Questa crisi è figlia di uno scisma ben più grave di quello presentato da Foster, è lo scisma tra il linguaggio di chi vive sulla terra oggi e quello degli operatori della cultura. Tra questi ultimi, per una volta, devo escludere gli artisti. Le loro opere, infatti, sembrano ancora, talvolta, capaci di intessere un dialogo forte con il pubblico, ma sono i musei, le gallerie, le fondazioni ad essere vecchi, profondamente vecchi, irrimediabilmente fuori tempo. E a capo di queste strutture ci sono loro: i curatori. La partita è loro. Ed è una partita globale. La soluzione, però, non è semplice. Non basta certo un cambio generazionale. Non sono ingenuo al punto di credere che il sistema culturale di un paese come l’Italia possa trarre il minimo beneficio dalla sostituzione dei direttori cinquanta/sessantenni di istituzioni museali o di fondazioni private con omologhi e più vivaci trentenni il cui solo valore sta nell’anagrafica. Quel che però so è che la rivoluzione del linguaggio che potrà rimettere il sistema dell’arte sulla stessa linea d’onda del mondo non arriverà da Obrist, da Marina Abramovic, da Biesenbach e dai loro coetanei, non arriverà dai trapassati Celant, Merz, Kounellis (quindi, per favore, basta fare mostre sull’Arte Povera per sostenere l’arte italiana!). Né tantomeno arriverà da noi che abbiamo oggi quarant’anni. Quella rivoluzione arriverà con naturalezza da pochi giovanissimi, come pochi erano i ragazzi dell’Arte Povera nel ’68 e come pochi sono sempre stati gli artefici delle rivoluzioni culturali. E sarà per loro naturale perché adatteranno le forme della cultura alle forme del loro pensiero, della loro vita, una cosa che nessun algoritmo può possedere. I curatori – ma solo certi curatori – ci servono ancora, perché il sistema dell’arte non va costantemente ordinato, ma costantemente ripensato, costantemente adattato alla vita. Abbiamo allora bisogno di menti altissime che siano però ancora piene di vita. Menti disordinate e in cerca di un metodo che non conoscono ma che costruiscono respirando. Abbiamo bisogno di loro perché ricostruiscano le strade interrotte tra l’arte e il mondo, lasciando che poi altri vengano a distruggere quel che hanno fatto per poterlo rifare d’accapo; ancora ed ancora, sempre diverso, sempre nuovo, sempre realmente (non solo nominalmente) contemporaneo.

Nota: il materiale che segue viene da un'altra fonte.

(* Let $\mathbf x,\mathbf y\in(\Sigma^* )^\circ$ and let $\mathbf s=-g(\mathbf x)$, $\mathbf t=-g(\mathbf y)$. If $\|\mathbf x-\mathbf y\|_{\mathbf x}<\tfrac12$, then $\mathbf x$ certifies $\mathbf t$, i.e. $H(\mathbf x)^{-1}\mathbf t\in\Sigma^*$.
   Context: Fix nonzero real polynomials $g_1,\dots,g_m$ in $n$ variables and nonnegative integers $d_1,\dots,d_m$. Let $\mathcal V$ be the real vector space of polynomials $\sum_{i=1}^m g_i r_i$ with $\deg r_i\le 2d_i$, and $\Sigma\subseteq\mathcal V$ the cone of weighted sums of squares $\sum_i g_i\sigma_i$ with each $\sigma_i$ a sum of squares of polynomials of degree at most $d_i$; assume $\Sigma$ is a proper cone. Fix a basis $\mathbf q=(q_1,\dots,q_U)$ of $\mathcal V$, identify $\mathcal V$ and its dual with $\mathbb R^U$ with the standard inner product and Euclidean norm $\|\cdot\|$; $\Sigma^*$ is the dual cone, $K^\circ$ the interior of $K$. For each $i$ fix a basis $\mathbf p_i$ (of size $L_i$) of polynomials of degree at most $d_i$ and let $\Lambda_i:\mathbb R^U\to\mathbb S^{L_i}$ be the unique linear map with $\sum_u q_u\Lambda_i(\mathbf e_u)=g_i\mathbf p_i\mathbf p_i^T$; $\Lambda=\Lambda_1\oplus\cdots\oplus\Lambda_m$ (block diagonal), $\Lambda^*$ its adjoint. Then $(\Sigma^* )^\circ=\{\mathbf x:\Lambda(\mathbf x)\succ0\}$ and $\Sigma^*=\{\mathbf x:\Lambda(\mathbf x)\succeq0\}$. On $(\Sigma^* )^\circ$ let $f(\mathbf x)=-\ln\det\Lambda(\mathbf x)$, with gradient $g(\mathbf x)=-\Lambda^*(\Lambda(\mathbf x)^{-1})$ (not to be confused with the weights $g_i$) and Hessian $H(\mathbf x)\mathbf w=\Lambda^*(\Lambda(\mathbf x)^{-1}\Lambda(\mathbf w)\Lambda(\mathbf x)^{-1})$, positive definite. The local norm is $\|\mathbf v\|_{\mathbf x}=\|H(\mathbf x)^{1/2}\mathbf v\|$. *)

theory Defs
  imports "HOL-Analysis.Analysis" "HOL-Library.Poly_Mapping"
begin

type_synonym 'v mpoly = "('v \<Rightarrow>\<^sub>0 nat) \<Rightarrow>\<^sub>0 real"

definition tdeg :: "'v mpoly \<Rightarrow> nat" where
  "tdeg p = Max (insert 0 ((\<lambda>a. sum (Poly_Mapping.lookup a) (Poly_Mapping.keys a)) ` Poly_Mapping.keys p))"
definition count_gt :: "ipart \<Rightarrow> real \<Rightarrow> real \<Rightarrow> real" where
  "count_gt \<beta> h t = real (card {U\<in>\<beta>. Leb U > h \<and> snd U \<le> t})"

definition has_diversity :: "real \<Rightarrow> ipart \<Rightarrow> bool" where
  "has_diversity \<alpha> \<beta> \<longleftrightarrow>
     (\<forall>t\<in>{0..ip_mass \<beta>}. \<exists>l. ((\<lambda>h. h powr \<alpha> * count_gt \<beta> h t) \<longlongrightarrow> l) (at_right 0))"

definition I_alpha :: "real \<Rightarrow> ipart set" where
  "I_alpha \<alpha> = {\<beta>. is_ipart \<beta> \<and> has_diversity \<alpha> \<beta>}"

definition div_at :: "real \<Rightarrow> ipart \<Rightarrow> real \<Rightarrow> real" where
  "div_at \<alpha> \<beta> t = Gamma (1 - \<alpha>) * Lim (at_right 0) (\<lambda>h. h powr \<alpha> * count_gt \<beta> h t)"

text \<open>Diversity of a block: value at any point of the block (here its midpoint).\<close>
definition div_block :: "real \<Rightarrow> ipart \<Rightarrow> real \<times> real \<Rightarrow> real" where
  "div_block \<alpha> \<beta> U = div_at \<alpha> \<beta> ((fst U + snd U) / 2)"

definition div_inf :: "real \<Rightarrow> ipart \<Rightarrow> real" where
  "div_inf \<alpha> \<beta> = div_at \<alpha> \<beta> (ip_mass \<beta>)"

definition is_correspondence :: "ipart \<Rightarrow> ipart \<Rightarrow> ((real \<times> real) \<times> (real \<times> real)) list \<Rightarrow> bool" where
  "is_correspondence \<beta> \<gamma> C \<longleftrightarrow>
     (\<forall>p\<in>set C. fst p \<in> \<beta> \<and> snd p \<in> \<gamma>) \<and>
     sorted_wrt (\<lambda>p q. fst (fst p) < fst (fst q)) C \<and>
     sorted_wrt (\<lambda>p q. fst (snd p) < fst (snd q)) C"

definition distortion :: "real \<Rightarrow> ipart \<Rightarrow> ipart \<Rightarrow> ((real \<times> real) \<times> (real \<times> real)) list \<Rightarrow> real" where
  "distortion \<alpha> \<beta> \<gamma> C =
     (let S = (\<Sum>p\<leftarrow>C. \<bar>Leb (fst p) - Leb (snd p)\<bar>) in
      Max {S + ip_mass \<beta> - (\<Sum>p\<leftarrow>C. Leb (fst p)),
           S + ip_mass \<gamma> - (\<Sum>p\<leftarrow>C. Leb (snd p)),
           Sup (insert 0 ((\<lambda>p. \<bar>div_block \<alpha> \<beta> (fst p) - div_block \<alpha> \<gamma> (snd p)\<bar>) ` set C)),
           \<bar>div_inf \<alpha> \<beta> - div_inf \<alpha> \<gamma>\<bar>})"

definition d_alpha :: "real \<Rightarrow> ipart \<Rightarrow> ipart \<Rightarrow> real" where
  "d_alpha \<alpha> \<beta> \<gamma> = Inf {distortion \<alpha> \<beta> \<gamma> C | C. is_correspondence \<beta> \<gamma> C}"

text \<open>Rooted weighted compact subsets (X, r, mu) of the real line with the Euclidean
metric; mu is a finite measure given as a set function on all subsets (the measures
used below are countable sums of point masses).  Embeddings of two spaces into a common
metric space are represented, as usual, by pseudometrics on the disjoint union that
restrict to the given metrics.\<close>

definition admissible :: "real set \<Rightarrow> real set \<Rightarrow> (real + real \<Rightarrow> real + real \<Rightarrow> real) \<Rightarrow> bool" where
  "admissible X Y \<delta> \<longleftrightarrow>
     (let Z = Inl ` X \<union> Inr ` Y in
       (\<forall>z\<in>Z. \<delta> z z = 0) \<and>
       (\<forall>z\<in>Z. \<forall>w\<in>Z. \<delta> z w = \<delta> w z \<and> 0 \<le> \<delta> z w) \<and>
       (\<forall>z\<in>Z. \<forall>w\<in>Z. \<forall>v\<in>Z. \<delta> z v \<le> \<delta> z w + \<delta> w v) \<and>
       (\<forall>x\<in>X. \<forall>x'\<in>X. \<delta> (Inl x) (Inl x') = dist x x') \<and>
       (\<forall>y\<in>Y. \<forall>y'\<in>Y. \<delta> (Inr y) (Inr y') = dist y y'))"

E così facendo ripristineremo l’ordine naturale secondo cui, ad un certo punto, capiremo che è il nostro tempo di morire. Il tempo di lasciarci uccidere. Così dovrebbe fare tutta l’umanità, ma potremmo cominciare almeno noi, noi artisti, noi per primi, noi che dovremmo essere l’avanguardia del pensiero e, invece, stiamo da tempo pensando più lentamente degli altri. E scopriremo che la morte non è affatto la fine. Tutt’altro. È una trasformazione che rovescia la maledizione di Edipo. I nostri pensieri, le nostre opere, una volta dismesse dai nostri corpi vecchi e inadeguati, saranno indossate come per le armi degli eroi greci o dei samurai, da altri che li piegheranno a nuove pratiche, a nuovi modi di combattere, ma facendolo li perpetueranno nella vita. Le nostre opere, infatti, tra vent’anni, fra trenta, saranno mute se non troveremo il modo di staccarle dalla Pompei dei musei odierni per inserirle in dispositivi linguistici che assomiglino all’umanità che verrà. Ma non possiamo essere noi, sempre noi a tenere il gioco in mano. Noi che già non capiamo più l’umanità di oggi. Noi che, come l’Empedocle di Hölderlin non sentiamo già più la voce dello Zeitgeist. E che abbiamo già iniziato il viaggio che ci porterà sulla bocca dell’Etna per tornare ad essere materia informe tra le mani del nostro dio, Efesto.